Data excerpts ->
= Beginning of Section =

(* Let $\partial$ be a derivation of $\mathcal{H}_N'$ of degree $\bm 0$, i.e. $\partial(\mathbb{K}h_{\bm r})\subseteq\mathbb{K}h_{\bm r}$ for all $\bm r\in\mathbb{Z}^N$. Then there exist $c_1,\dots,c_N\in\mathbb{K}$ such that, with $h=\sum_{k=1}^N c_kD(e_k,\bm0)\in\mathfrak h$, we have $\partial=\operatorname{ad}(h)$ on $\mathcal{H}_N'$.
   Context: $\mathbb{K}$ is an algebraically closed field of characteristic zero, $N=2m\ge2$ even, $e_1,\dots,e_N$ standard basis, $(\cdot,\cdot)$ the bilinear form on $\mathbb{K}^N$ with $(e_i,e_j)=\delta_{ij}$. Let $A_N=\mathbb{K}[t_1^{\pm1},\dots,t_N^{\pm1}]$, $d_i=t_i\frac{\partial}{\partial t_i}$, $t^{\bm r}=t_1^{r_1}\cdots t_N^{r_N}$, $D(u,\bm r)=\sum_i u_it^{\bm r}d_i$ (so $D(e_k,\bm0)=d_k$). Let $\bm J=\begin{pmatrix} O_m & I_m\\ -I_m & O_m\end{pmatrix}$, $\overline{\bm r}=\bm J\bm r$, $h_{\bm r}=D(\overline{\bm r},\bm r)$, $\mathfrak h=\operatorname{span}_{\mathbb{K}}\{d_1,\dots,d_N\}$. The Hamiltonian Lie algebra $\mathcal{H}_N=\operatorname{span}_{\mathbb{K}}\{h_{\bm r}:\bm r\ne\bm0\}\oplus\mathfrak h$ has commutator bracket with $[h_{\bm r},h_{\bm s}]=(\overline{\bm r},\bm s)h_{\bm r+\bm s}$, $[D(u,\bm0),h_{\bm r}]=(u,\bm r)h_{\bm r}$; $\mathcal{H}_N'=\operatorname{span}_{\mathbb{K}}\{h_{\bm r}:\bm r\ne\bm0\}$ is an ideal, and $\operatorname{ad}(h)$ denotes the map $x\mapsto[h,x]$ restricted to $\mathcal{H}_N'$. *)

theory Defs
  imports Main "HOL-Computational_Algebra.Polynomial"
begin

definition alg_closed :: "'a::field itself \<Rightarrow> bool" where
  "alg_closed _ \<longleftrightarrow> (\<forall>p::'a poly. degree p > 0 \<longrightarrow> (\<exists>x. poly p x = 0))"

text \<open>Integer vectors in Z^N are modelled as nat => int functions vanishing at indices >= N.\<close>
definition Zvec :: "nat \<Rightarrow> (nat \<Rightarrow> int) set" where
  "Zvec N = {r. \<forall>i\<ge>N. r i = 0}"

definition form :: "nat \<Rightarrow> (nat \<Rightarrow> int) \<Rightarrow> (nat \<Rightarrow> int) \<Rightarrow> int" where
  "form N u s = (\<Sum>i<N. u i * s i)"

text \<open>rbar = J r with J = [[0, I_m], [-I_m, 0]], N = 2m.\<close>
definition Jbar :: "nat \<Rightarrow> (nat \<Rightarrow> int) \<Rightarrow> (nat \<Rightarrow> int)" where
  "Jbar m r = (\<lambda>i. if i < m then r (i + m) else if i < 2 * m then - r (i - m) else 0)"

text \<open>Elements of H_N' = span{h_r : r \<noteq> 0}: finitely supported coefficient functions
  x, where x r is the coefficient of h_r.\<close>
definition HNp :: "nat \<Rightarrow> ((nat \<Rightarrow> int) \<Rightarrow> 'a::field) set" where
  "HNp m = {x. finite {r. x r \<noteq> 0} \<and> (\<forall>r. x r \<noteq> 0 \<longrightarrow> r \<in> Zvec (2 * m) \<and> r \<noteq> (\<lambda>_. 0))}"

= End of Section =

What to do ->
Give back every line of the data above exactly as written.

Solution ->
(* Let $\partial$ be a derivation of $\mathcal{H}_N'$ of degree $\bm 0$, i.e. $\partial(\mathbb{K}h_{\bm r})\subseteq\mathbb{K}h_{\bm r}$ for all $\bm r\in\mathbb{Z}^N$. Then there exist $c_1,\dots,c_N\in\mathbb{K}$ such that, with $h=\sum_{k=1}^N c_kD(e_k,\bm0)\in\mathfrak h$, we have $\partial=\operatorname{ad}(h)$ on $\mathcal{H}_N'$.
   Context: $\mathbb{K}$ is an algebraically closed field of characteristic zero, $N=2m\ge2$ even, $e_1,\dots,e_N$ standard basis, $(\cdot,\cdot)$ the bilinear form on $\mathbb{K}^N$ with $(e_i,e_j)=\delta_{ij}$. Let $A_N=\mathbb{K}[t_1^{\pm1},\dots,t_N^{\pm1}]$, $d_i=t_i\frac{\partial}{\partial t_i}$, $t^{\bm r}=t_1^{r_1}\cdots t_N^{r_N}$, $D(u,\bm r)=\sum_i u_it^{\bm r}d_i$ (so $D(e_k,\bm0)=d_k$). Let $\bm J=\begin{pmatrix} O_m & I_m\\ -I_m & O_m\end{pmatrix}$, $\overline{\bm r}=\bm J\bm r$, $h_{\bm r}=D(\overline{\bm r},\bm r)$, $\mathfrak h=\operatorname{span}_{\mathbb{K}}\{d_1,\dots,d_N\}$. The Hamiltonian Lie algebra $\mathcal{H}_N=\operatorname{span}_{\mathbb{K}}\{h_{\bm r}:\bm r\ne\bm0\}\oplus\mathfrak h$ has commutator bracket with $[h_{\bm r},h_{\bm s}]=(\overline{\bm r},\bm s)h_{\bm r+\bm s}$, $[D(u,\bm0),h_{\bm r}]=(u,\bm r)h_{\bm r}$; $\mathcal{H}_N'=\operatorname{span}_{\mathbb{K}}\{h_{\bm r}:\bm r\ne\bm0\}$ is an ideal, and $\operatorname{ad}(h)$ denotes the map $x\mapsto[h,x]$ restricted to $\mathcal{H}_N'$. *)

theory Defs
  imports Main "HOL-Computational_Algebra.Polynomial"
begin

definition alg_closed :: "'a::field itself \<Rightarrow> bool" where
  "alg_closed _ \<longleftrightarrow> (\<forall>p::'a poly. degree p > 0 \<longrightarrow> (\<exists>x. poly p x = 0))"

text \<open>Integer vectors in Z^N are modelled as nat => int functions vanishing at indices >= N.\<close>
definition Zvec :: "nat \<Rightarrow> (nat \<Rightarrow> int) set" where
  "Zvec N = {r. \<forall>i\<ge>N. r i = 0}"

definition form :: "nat \<Rightarrow> (nat \<Rightarrow> int) \<Rightarrow> (nat \<Rightarrow> int) \<Rightarrow> int" where
  "form N u s = (\<Sum>i<N. u i * s i)"

text \<open>rbar = J r with J = [[0, I_m], [-I_m, 0]], N = 2m.\<close>
definition Jbar :: "nat \<Rightarrow> (nat \<Rightarrow> int) \<Rightarrow> (nat \<Rightarrow> int)" where
  "Jbar m r = (\<lambda>i. if i < m then r (i + m) else if i < 2 * m then - r (i - m) else 0)"

text \<open>Elements of H_N' = span{h_r : r \<noteq> 0}: finitely supported coefficient functions
  x, where x r is the coefficient of h_r.\<close>
definition HNp :: "nat \<Rightarrow> ((nat \<Rightarrow> int) \<Rightarrow> 'a::field) set" where
  "HNp m = {x. finite {r. x r \<noteq> 0} \<and> (\<forall>r. x r \<noteq> 0 \<longrightarrow> r \<in> Zvec (2 * m) \<and> r \<noteq> (\<lambda>_. 0))}"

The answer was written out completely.